Bill Donaldson gave many speeches attacking “retailization” of hedge funds. When it came time for inaction, what he did was require, in a rule he pushed through the SEC in October 2004, that hedge funds register as investment advisors with the SEC. That’ll fix ’em! Not.

Instead of doing anything about the fee circus described above, or forcing funds to provide meaningful disclosure to regulators and protection for their investors, Donaldson’s rule did absolutely nothing to deal with any of the problems that have plagued hedge funds. Nothing was done to keep crooks from running hedge funds, or to stave off systemic risks from runaway leverage. In fact, 40 percent of hedge funds were already run by registered investment advisors, voluntarily. As for the 60 percent that were holdouts, the rule wouldn’t do much of anything that mattered to customers.

Not only did the rule fail to do anything about crooked funds—which tend to be too small to be affected by the rule anyway—it actually expanded the potential market for hedge funds. Since pension funds tend to invest only in hedge funds that are run by registered investment advisors, SEC commissioner Cynthia A. Glassman noted, “Mandatory registration of all advisers will expand the potential universe and thereby afford even more opportunities for investment in hedge funds.” Other critics said that the meaningless registration requirement would give a kind of “Good Housekeeping Seal of Approval” on hedge funds. This kind of sensible opposition to bureaucratic wheel-spinning, by the way, later caused Glassman to be snidely referred to in the media as one of the “two Republican commissioners” who voted against Donaldson and stood in the way of progress. I challenge anyone to find anything particularly Democratic or Republican about a regulation that won’t work.

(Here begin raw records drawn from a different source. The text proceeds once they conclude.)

(* Consider a multi-sender single-uniprior index-coding instance with binary messages, information-flow graph $\mathcal{G}$ and message graph $\mathcal{U}$, and let $\mathcal{V}_S$ be the vertex set of a degenerated leaf SCC of $\mathcal{G}$, with witnessing sets $\mathcal{V}_{\mathrm{inside}}$ and $\mathcal{V}_{\mathrm{outside}}$. Form $(\mathcal{G}',\mathcal{U}')$ by appending this leaf SCC: pick any $v_{\mathrm{inside}}\in\mathcal{V}_{\mathrm{inside}}$; if $\mathcal{V}_{\mathrm{outside}}$ contains exactly one non-leaf vertex, add an arc from $v_{\mathrm{inside}}$ to that vertex; otherwise (all vertices of $\mathcal{V}_{\mathrm{outside}}$ are leaves) add an arc from $v_{\mathrm{inside}}$ to an arbitrarily chosen vertex of $\mathcal{V}_{\mathrm{outside}}$. The message graph and senders are unchanged ($\mathcal{U}'=\mathcal{U}$). Then \[ N_{\mathrm{SCC}}(\mathcal{G}')\in\{N_{\mathrm{SCC}}(\mathcal{G}),\,N_{\mathrm{SCC}}(\mathcal{G})-1\},\qquad \tilde{\ell}^*(\mathcal{G}',\mathcal{U}')=\tilde{\ell}^*(\mathcal{G},\mathcal{U}),\qquad V_{\mathrm{out}}(\mathcal{G}')=V_{\mathrm{out}}(\mathcal{G}), \] where $N_{\mathrm{SCC}}(\cdot)$ denotes the number of leaf SCCs.
   Context: Multi-sender single-uniprior index coding with binary messages: there are $n$ receivers and $n$ independent messages $x_1,\dots,x_n$, each a single bit uniformly distributed on $\{0,1\}$. Receiver $i$ knows $x_i$ a priori and requests a set of messages not containing $x_i$. The information-flow graph is the directed graph $\mathcal{G}=(\mathcal{V},\mathcal{A})$ with an arc $(j\to i)$ iff receiver $i$ requests $x_j$. There are $S$ senders; sender $s$ knows a subset $\mathcal{M}_s$ of the messages, and every message is known to some sender. An index code consists of, for each sender $s$, an encoding function mapping the messages in $\mathcal{M}_s$ to $\ell_s$ bits, and for each receiver $i$ a decoding function that, from all senders' outputs together with $x_i$, returns every message requested by $i$, for all message values; its length is $\sum_s \ell_s$. $\tilde{\ell}^*(\mathcal{G},\mathcal{U})$ is the minimum length of an index code for the instance. The message graph $\mathcal{U}$ is the undirected graph on $\mathcal{V}$ with an edge $\{i,j\}$ iff some sender knows both $x_i$ and $x_j$. A leaf vertex of $\mathcal{G}$ has no outgoing arcs; $V_{\mathrm{out}}(\mathcal{G})$ is the number of non-leaf vertices; $j$ is a predecessor of $i$ iff there is a directed path in $\mathcal{G}$ from $j$ to $i$. A leaf SCC is a strongly connected component of $\mathcal{G}$ with at least two vertices and no arc from it to a vertex outside it. For a vertex set $\mathcal{S}$, a vertex $i\notin\mathcal{S}$ is a neighbor of $\mathcal{S}$ iff $\mathcal{U}$ has an edge between $i$ and some vertex of $\mathcal{S}$. A leaf SCC with vertex set $\mathcal{V}_S$ is message-connected iff the subgraph of $\mathcal{U}$ induced by $\mathcal{V}_S$ is connected; message-disconnected iff two vertices of $\mathcal{V}_S$ are joined by no path in $\mathcal{U}$; semi-message-connected otherwise. A semi-message-connected leaf SCC is degenerated iff there exist $\mathcal{V}_{\mathrm{inside}}\subsetneq\mathcal{V}_S$ and $\mathcal{V}_{\mathrm{outside}}\subseteq\mathcal{V}\setminus\mathcal{V}_S$ such that: $\mathcal{U}$ has no edge between $\mathcal{V}_{\mathrm{inside}}$ and $\mathcal{V}_S\setminus\mathcal{V}_{\mathrm{inside}}$; $\mathcal{V}_{\mathrm{outside}}$ contains at most one non-leaf vertex of $\mathcal{G}$; and every neighbor of $\mathcal{V}_{\mathrm{inside}}$ is either in $\mathcal{V}_{\mathrm{outside}}$ or a predecessor in $\mathcal{G}$ of some vertex of $\mathcal{V}_{\mathrm{outside}}$. These $\mathcal{V}_{\mathrm{inside}},\mathcal{V}_{\mathrm{outside}}$ are called witnessing sets. *)

theory Defs
  imports Main
begin

text \<open>Vertices / receivers / messages are 0..<n. The information-flow graph is an arc
relation A :: (nat \<times> nat) set, with (j,i) \<in> A iff receiver i requests x_j.
Senders are 0..<S, sender s knows the messages M s.\<close>

definition valid_instance :: "nat \<Rightarrow> (nat \<times> nat) set \<Rightarrow> nat \<Rightarrow> (nat \<Rightarrow> nat set) \<Rightarrow> bool" where
  "valid_instance n A S M \<longleftrightarrow>
     A \<subseteq> {0..<n} \<times> {0..<n} \<and> (\<forall>i. (i, i) \<notin> A) \<and>
     (\<forall>s<S. M s \<subseteq> {0..<n}) \<and> (\<forall>k<n. \<exists>s<S. k \<in> M s)"

text \<open>An index code: sender s outputs E s x, a bit list of length l s depending only on
the messages in M s; receiver i, from all senders' outputs and its own x_i, decodes
(via D i) every message it requests.\<close>

definition is_index_code ::
  "nat \<Rightarrow> (nat \<times> nat) set \<Rightarrow> nat \<Rightarrow> (nat \<Rightarrow> nat set) \<Rightarrow> (nat \<Rightarrow> nat)
   \<Rightarrow> (nat \<Rightarrow> (nat \<Rightarrow> bool) \<Rightarrow> bool list)
   \<Rightarrow> (nat \<Rightarrow> (nat \<Rightarrow> bool list) \<Rightarrow> bool \<Rightarrow> nat \<Rightarrow> bool) \<Rightarrow> bool" where
  "is_index_code n A S M l E D \<longleftrightarrow>
     (\<forall>s<S. \<forall>x. length (E s x) = l s) \<and>
     (\<forall>s<S. \<forall>x y. (\<forall>k\<in>M s. x k = y k) \<longrightarrow> E s x = E s y) \<and>
     (\<forall>i<n. \<forall>x. \<forall>j. (j, i) \<in> A \<longrightarrow>
        D i (\<lambda>s. if s < S then E s x else []) (x i) j = x j)"

definition code_length_achievable ::
  "nat \<Rightarrow> (nat \<times> nat) set \<Rightarrow> nat \<Rightarrow> (nat \<Rightarrow> nat set) \<Rightarrow> nat \<Rightarrow> bool" where
  "code_length_achievable n A S M L \<longleftrightarrow>
     (\<exists>l E D. is_index_code n A S M l E D \<and> (\<Sum>s<S. l s) = L)"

Proponents of the rule noted that it would raise the wealth requirement for investors in those 60 percent of hedge funds that are not registered. That’s because there already was a rule requiring that investors in registered funds have a net worth of $1.5 million, or at least $750,000 under management with the investment advisor. That looks good, until you realize how easy it is for hedge funds to get around this limitation.

That brings us to the pièce de résistance, the Roach Motel Encouragement Rule that Donaldson enacted as part of his inane registration requirement. Remember those ridiculous lockups that we discussed earlier—such as the one that proved so horrendous for the people who bought into LTCM and Julian Robertson’s Ocelot fund? Lockups are so egregious, so downright disgusting, that you’d think that Bill Donaldson (whose old firm Donaldson, Lufkin & Jenrette marketed Ocelot to hapless investors in 1997) would come down hard on such things. Instead he actually encouraged lockups. He wrote into the rule a loophole that exempts funds with lockups of two years or more.

In other words, if a hedge fund manager is particularly greedy and grasping, he gets off the hook! He doesn’t have to bother registering his fund, and he’s not subject to that $1.5 million net worth limit. He gets a pass, thanks to the new Investor’s Champion, Bill Donaldson.

You’d have thought that Donaldson and the SEC would have noticed how dumb this rule truly was. However, to call it dumb assumes that Donaldson and the SEC really wanted to do something to curb hedge fund abuses. It wasn’t dumb if their intent, from Day One, was to do nothing. You’ve got to admit—as an act of nonregulation, it is a work of genius.